А если с похмелья, то нет ничего лучше большой пиалы ногайского чая с молоком, с перцем, с топленым маслом. Какой аромат, какой вкус! Сразу оживает человек, сразу возвращается к нему хорошее настроение. Да если к этому чаю еще хрустящий чурек или хотя бы поджаристый край от хлеба, испеченного в сельской пекарне на поду, а не в форме. Почему бы не поверить, что кто пьет ногайский чай, тот застрахован от многих болезней, почему бы и нет? Ведь в этой спрессованной плитке чая такое разнообразие трав, такой букет, такой аромат, что даже самый бесчувственный не останется равнодушным. И станет пить его с превеликим желанием.
Две пиалы этого чая с удовольствием выпил сегодня Мухарбий. Чай приготовила ему его старушка Кадрия, что означает «судьба», или, точнее, «предначертание». Кадрия — учительница в сельской начальной школе, десятки лет учит детей родному ногайскому языку. Не знаю, судьба ли это, но своих детей у них нет. Мухарбий давно перестал упрекать жену, да и неизвестно, ее ли это вина.

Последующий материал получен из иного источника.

section \<open>The polytope of normalised circulations\<close>

definition incidence :: "('e::finite \<Rightarrow> 'v) \<Rightarrow> ('e \<Rightarrow> 'v) \<Rightarrow> 'v \<Rightarrow> real^'e" where
  "incidence st ar v = (\<chi> e. of_bool (ar e = v) - of_bool (st e = v))"

definition coord_subspace :: "'e set \<Rightarrow> (real^'e::finite) set" where
  "coord_subspace F = {x. \<forall>e. e \<notin> F \<longrightarrow> x$e = 0}"

definition circulations :: "('e::finite \<Rightarrow> 'v) \<Rightarrow> ('e \<Rightarrow> 'v) \<Rightarrow> 'e set \<Rightarrow> (real^'e) set" where
  "circulations st ar F = {x \<in> coord_subspace F. \<forall>v. x \<bullet> incidence st ar v = 0}"

text \<open>Here \<open>1 :: real^'e\<close> is the all-ones vector, so \<open>x \<bullet> 1\<close> is the total weight of \<open>x\<close>.\<close>

definition flow_polytope :: "('e::finite \<Rightarrow> 'v) \<Rightarrow> ('e \<Rightarrow> 'v) \<Rightarrow> 'e set \<Rightarrow> (real^'e) set" where
  "flow_polytope st ar F = {x \<in> circulations st ar F. (\<forall>e. 0 \<le> x$e) \<and> x \<bullet> 1 = 1}"

lemma inner_one_vec: "x \<bullet> (1 :: real^'e::finite) = (\<Sum>e\<in>UNIV. x$e)"
  by (simp add: inner_vec_def)

lemma inner_incidence:
  "x \<bullet> incidence st ar v = (\<Sum>e | ar e = v. x$e) - (\<Sum>e | st e = v. x$e)"
  by (simp add: incidence_def inner_vec_def right_diff_distrib sum_subtractf)

lemma subspace_coord_subspace: "subspace (coord_subspace F)"
  unfolding subspace_def coord_subspace_def by auto

lemma subspace_circulations: "subspace (circulations st ar F)"
  unfolding subspace_def circulations_def coord_subspace_def
  by (auto simp: inner_add_left)

lemma flow_polytope_mono: "F \<subseteq> G \<Longrightarrow> flow_polytope st ar F \<subseteq> flow_polytope st ar G"
  unfolding flow_polytope_def circulations_def coord_subspace_def by auto

lemma convex_flow_polytope: "convex (flow_polytope st ar F)"
  unfolding convex_def flow_polytope_def
  by (auto simp: inner_add_left subspace_add subspace_scale subspace_circulations)

lemma cycle_vec_in_flow_polytope:
  fixes st ar :: "'e::finite \<Rightarrow> 'v"
  assumes "is_cycle st ar C" "C \<noteq> []"
  shows "cycle_vec C \<in> flow_polytope st ar (set C)"
proof -
  have balanced: "(\<Sum>e\<leftarrow>C. f (ar e)) = (\<Sum>e\<leftarrow>C. f (st e))" for f :: "'v \<Rightarrow> real"
  proof -
    have "sum_list (map f (map ar C)) = sum_list (map f (rotate1 (map st C)))"
      by (simp only: rotate1_map_st_cycle[OF assms(1)])
    also have "\<dots> = sum_list (map f (map st C))"
      by (simp only: rotate1_map[symmetric] sum_list_rotate1)
    finally show ?thesis by (simp add: comp_def)
  qed
  have "cycle_vec C \<bullet> incidence st ar v = 0" for v
    using balanced[of "\<lambda>u. of_bool (u = v)"]
    by (simp add: inner_cycle_vec incidence_def sum_list_subtractf)
  moreover have "cycle_vec C \<bullet> 1 = 1"
    using assms(2) by (simp add: inner_cycle_vec sum_list_triv)
  ultimately show ?thesis
    by (simp add: flow_polytope_def circulations_def coord_subspace_def cycle_vec_def)
qed
lemma card_incident_edges:
  assumes "x \<in> V"
  shows "card {f \<in> graph_edges E. x \<in> f} = 3"
proof -
  have "{f \<in> graph_edges E. x \<in> f} = (\<lambda>y. {x, y}) ` {y. E x y}"
    by (auto intro: graph_edgesI elim: graph_edgesE)
  moreover have "inj_on (\<lambda>y. {x, y}) {y. E x y}"
    using edge_irrefl by (auto simp: inj_on_def doubleton_eq_iff)
  ultimately show ?thesis using degree_3[OF assms] by (simp add: card_image)
qed

lemma card_other_incident_edges:
  assumes "e \<in> graph_edges E" "x \<in> e"
  shows "card {f \<in> graph_edges E. x \<in> f \<and> f \<noteq> e} = 2"
proof -
  have "{f \<in> graph_edges E. x \<in> f \<and> f \<noteq> e} = {f \<in> graph_edges E. x \<in> f} - {e}" by blast
  then show ?thesis
    using assms card_incident_edges[OF graph_edges_subset_V[OF assms]] finite_graph_edges
    by (simp add: card_Diff_singleton)
qed

lemma vcs_Z_or_WE:
  assumes "is_vcs T" "e \<in> graph_edges E" "e = {x, y}" "WE e \<notin> T"
  shows "Z x e \<in> T \<or> Z y e \<in> T"
proof (rule ccontr)
  assume no_Z: "\<not> (Z x e \<in> T \<or> Z y e \<in> T)"
  have "WE e \<in> Gp_verts V E - T" using assms(2,4) by simp
  then have "k_linked (Gp_verts V E) (Gp_adj E) (Gp_r (WE e)) (WE e) T"
    using assms(1) unfolding vector_connectivity_set_def by blast
  then have "k_linked (Gp_verts V E) (Gp_adj E) 3 (WE e) T" by simp
  then have "3 \<le> card {WX x e, WX y e}"
    by (rule k_linked_le_card_separator) (use assms(3,4) no_Z in \<open>auto dest!: Gp_adj_WED Gp_adj_ZD\<close>)
  moreover have "card {WX x e, WX y e} \<le> 2" by (cases "x = y") auto
  ultimately show False by simp
qed
lemma odd_hole_not_2_colourable:
  assumes "is_hole V E vs" "odd (length vs)"
  shows "\<not> proper_colouring V E 2 f"
proof
  assume col: "proper_colouring V E 2 f"
  define m where "m = length vs"
  have m: "m \<ge> 4" "set vs \<subseteq> V"
    and adj: "\<And>i j. i < m \<Longrightarrow> j < m \<Longrightarrow> E (vs ! i) (vs ! j) \<longleftrightarrow> (j = Suc i mod m \<or> i = Suc j mod m)"
    using assms(1) unfolding is_hole_def m_def by auto
  have colour: "i < m \<Longrightarrow> f (vs ! i) < 2" for i
    using col m(2) unfolding proper_colouring_def m_def by (meson nth_mem subsetD)
  have differ: "i < m \<Longrightarrow> j < m \<Longrightarrow> E (vs ! i) (vs ! j) \<Longrightarrow> f (vs ! i) \<noteq> f (vs ! j)" for i j
    using col m(2) unfolding proper_colouring_def m_def by (meson nth_mem subsetD)
  have alternating: "i < m \<Longrightarrow> f (vs ! i) = (f (vs ! 0) + i) mod 2" for i
  proof (induction i)
    case 0
    then show ?case using colour[of 0] by simp
  next
    case (Suc i)
    have "f (vs ! i) \<noteq> f (vs ! Suc i)"
      using Suc.prems differ[of i "Suc i"] adj[of i "Suc i"] by simp
    then show ?case using Suc colour[of i] colour[of "Suc i"] by (auto simp: mod_Suc)
  qed
  have "f (vs ! (m - 1)) \<noteq> f (vs ! 0)"
    using differ[of "m - 1" 0] adj[of "m - 1" 0] m(1) by simp
  moreover have "even (m - 1)" using assms(2) m(1) unfolding m_def by simp
  then obtain q where "m - 1 = 2 * q" by (rule evenE)
  ultimately show False using alternating[of "m - 1"] colour[of 0] m(1) by simp
qed

lemma chromatic_number_ge_3_if_odd_hole:
  assumes "finite V" "\<And>x. \<not> E x x" "has_odd_hole V E"
  shows "3 \<le> chromatic_number V E"
proof (rule ccontr)
  assume "\<not> 3 \<le> chromatic_number V E"
  moreover obtain f where "proper_colouring V E (chromatic_number V E) f"
    using proper_colouring_chromatic_number assms(1,2) by blast
  ultimately have "proper_colouring V E 2 f" unfolding proper_colouring_def by fastforce
  then show False using assms(3) odd_hole_not_2_colourable unfolding has_odd_hole_def by blast
qed

lemma hole_vertex_nonadjacent_neighbours:
  assumes "is_hole V E vs" "v \<in> set vs"
  obtains u w where "u \<in> set vs" "w \<in> set vs" "E v u" "E v w" "u \<noteq> w" "\<not> E u w"
proof -
  define m where "m = length vs"
  have m: "m \<ge> 4" "distinct vs"
    and adj: "\<And>i j. i < m \<Longrightarrow> j < m \<Longrightarrow> E (vs ! i) (vs ! j) \<longleftrightarrow> (j = Suc i mod m \<or> i = Suc j mod m)"
    using assms(1) unfolding is_hole_def m_def by auto
  obtain k where k: "k < m" "vs ! k = v" using assms(2) unfolding m_def by (metis in_set_conv_nth)
  have "\<exists>i j. i < m \<and> j < m \<and> i = Suc k mod m \<and> k = Suc j mod m \<and> i \<noteq> j
          \<and> \<not> (j = Suc i mod m \<or> i = Suc j mod m)"
  proof (cases "k = 0")
    case True
    then show ?thesis using m(1) by (intro exI[of _ 1] exI[of _ "m - 1"]) auto
  next
    case False
    show ?thesis
    proof (cases "k = m - 1")
      case True
      then show ?thesis using m(1) by (intro exI[of _ 0] exI[of _ "m - 2"]) auto
    next
      case False
      then show ?thesis using m(1) k(1) \<open>k \<noteq> 0\<close>
        by (intro exI[of _ "Suc k"] exI[of _ "k - 1"]) (auto simp: mod_Suc)
    qed
  qed
  then obtain i j where ij: "i < m" "j < m" "i = Suc k mod m" "k = Suc j mod m" "i \<noteq> j"
      "\<not> (j = Suc i mod m \<or> i = Suc j mod m)"
    by blast
  show thesis
  proof
    show "vs ! i \<in> set vs" "vs ! j \<in> set vs" using ij(1,2) unfolding m_def by simp_all
    show "E v (vs ! i)" "E v (vs ! j)" using adj[OF k(1) ij(1)] adj[OF k(1) ij(2)] ij(3,4) k(2) by simp_all
    show "vs ! i \<noteq> vs ! j" using m(2) ij(1,2,5) unfolding m_def by (simp add: nth_eq_iff_index_eq)
    show "\<not> E (vs ! i) (vs ! j)" using adj[OF ij(1,2)] ij(6) by simp
  qed
qed

section \<open>Toeplitz graphs with two distances\<close>

lemma toeplitz_adj_irrefl: "\<not> toeplitz_adj n T x x"
  unfolding toeplitz_adj_def by simp

lemma toeplitz_adj_sym: "toeplitz_adj n T x y \<Longrightarrow> toeplitz_adj n T y x"
  unfolding toeplitz_adj_def by (auto simp: abs_minus_commute)

lemma toeplitz_adj_iff:
  "toeplitz_adj n T x y \<longleftrightarrow>
     x \<in> {1..n} \<and> y \<in> {1..n} \<and> x \<noteq> y \<and> (\<exists>t\<in>T. x + t = y \<or> y + t = x)"
  unfolding toeplitz_adj_def
  by (auto simp: nat_abs_int_diff split: if_splits) (metis le_add_diff_inverse less_or_eq_imp_le nat_le_linear)+

lemma toeplitz_block_colouring:
  assumes "0 < k" and T: "\<And>t. t \<in> T \<Longrightarrow> d dvd t \<and> \<not> k dvd t div d"
  shows "proper_colouring {1..n} (toeplitz_adj n T) k (\<lambda>x. x div d mod k)"
proof -
  have colours_differ: "(x + t) div d mod k \<noteq> x div d mod k" if t: "t \<in> T" for x t
  proof -
    have "d \<noteq> 0" using T[OF t] by (metis div_by_0 dvd_0_right)
    moreover obtain c where "t = d * c" using T[OF t] by blast
    ultimately have c: "t = d * c" "\<not> k dvd c" "d \<noteq> 0" using T[OF t] by auto
    then have "(x + t) div d = x div d + c" by simp
    then show ?thesis using c(2) by (simp add: mod_eq_dvd_iff_nat)
  qed
  show ?thesis
    unfolding proper_colouring_def
  proof (intro conjI ballI impI)
    show "x div d mod k < k" for x using assms(1) by simp
  next
    fix x y assume "toeplitz_adj n T x y"
    then obtain t where "t \<in> T" "x + t = y \<or> y + t = x" by (auto simp: toeplitz_adj_iff)
    then show "x div d mod k \<noteq> y div d mod k" using colours_differ by metis
  qed
qed
lemma hurwitz_units_qinner: "v \<in> hurwitz_units \<Longrightarrow> qinner v v = 1"
  unfolding hurwitz_units_def
  by (elim UnE CollectE exE conjE insertE emptyE; hypsubst; simp add: qinner_def)

lemma hurwitz_units_qcnj: "v \<in> hurwitz_units \<Longrightarrow> qcnj v \<in> hurwitz_units"
  unfolding hurwitz_units_def
  by (elim UnE CollectE exE conjE;
      simp add: qcnj_def minus_equation_iff[where b = "1/2"] del: eq_divide_eq_numeral1; blast)

lemma Dm_mult: "mmul (Dm x) (Dm y) = Dm (x * y)"
  by (simp add: mmul_def Dm_def)

lemma Dm_one: "Dm 1 = mid"
  by (simp add: Dm_def mid_def)

lemma mscale_Dm: "mscale r (Dm q) = Dm (qscale r q)"
  by (simp add: mscale_def Dm_def)

lemma Dm_qcnj_inverse:
  assumes "qinner v v = 1"
  shows "mmul (Dm v) (Dm (qcnj v)) = mid" "mmul (Dm (qcnj v)) (Dm v) = mid"
  using assms by (simp_all add: Dm_mult mult_qcnj Quat_one[symmetric] Dm_one)

lemma Tm_Tm: "mmul Tm Tm = mid"
  by (simp add: mmul_def Tm_def mid_def)

lemma tau_uminus_inverse: "mmul (tau w) (tau (- w)) = mid" "mmul (tau (- w)) (tau w) = mid"
  by (simp_all add: mmul_def tau_def mid_def)

lemma Dm_Tm_commute: "mmul (Dm v) Tm = mmul Tm (Dm v)"
  by (simp add: mmul_def Dm_def Tm_def)

lemma Dm_tau_commute: "v * w = w' * v \<Longrightarrow> mmul (Dm v) (tau w) = mmul (tau w') (Dm v)"
  by (simp add: mmul_def Dm_def tau_def)

definition lipschitz_gens :: "qmat set" where
  "lipschitz_gens = {Tm} \<union> tau ` ImHZ"

definition hurwitz_gens :: "qmat set" where
  "hurwitz_gens = lipschitz_gens \<union> Dm ` hurwitz_units"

Милая, добрая Кадрия всю свою материнскую ласку и любовь отдает детям в школе, чужим детям, но только можно ли называть их чужими? Они для нее ближе родных. Иначе чем же объяснить, что если кого из детей обидят родители, то дети бегут к Кадрии, ищут ее защиты. А если у кого дома приготовят вкусную еду, то обязательно пригласят учительницу или отнесут ей лучший кусок. Да вот и сейчас прибежала девочка, самая младшая дочь Эсманбета, и принесла целый пирог, от которого идет еще пар. Кадрия поблагодарила девочку, дала ей два апельсина, а пирог поставила перед мужем.
— Ешь, вкусный, наверное.
— Откуда знаешь, сама-то попробовала?
— По запаху.
— Кто принес?
— Младшая дочь Эсманбета.
— Убери, выбрось! Не хочу видеть этого пирога!
— Что с тобой, муж мой, ты вчера вернулся, ни слова мне не сказал? «Постели постель, спать хочу» — вот и все. А я ведь не чужая тебе. Вот уже сорок лет я твоя жена.
— Я сказал, что все в порядке. И прошу, больше от чужих ничего не принимай!
— Хорошо, не буду. Но ребенок-то тут при чем? Да и Эсманбет был твоим другом.
— Был, и все, больше нет! Не хочу слышать его имени в моем доме.
— Это не мое ли имя ты не хочешь слышать? — раздался густой, как бы медный голос человека, входящего в дом с веранды.
Сам Эсманбет. Среднего роста, полноватый, но не так, чтобы это бросалось в глаза и наводило на мысли о невоздержанности и распущенности. Лицо приветливое. Многие ногайцы теперь по каким-то причинам утрачивают свои характерные черты. Лица становятся менее плоскими, головы менее крупными. Даже и в песнях ногайцы не воспевают больше широкие скулы и плоские носы. Отчего происходит такая перемена в целом антропологическом типе, неизвестно.
— Это не мое ли имя ты не хочешь слышать? — улыбаясь, повторил Эсманбет.
— Да, твое имя!
— Не надо, сосед, не надо. Хватит того, что ты расправился по дороге с моими кунаками. Клянусь, ты молодец, ну и разделал же ты их!
— Жалко, что не тебя.
— А я решил отметить твой приезд. Соседка Кадрия, будь мила, там, за дверью, я оставил бутыль с вином в плетенке, неси ее сюда. Дочка моя прибежала к вам с пирогом. Сама не дотронулась до пирога, пока не отнесла вам лучший кусок.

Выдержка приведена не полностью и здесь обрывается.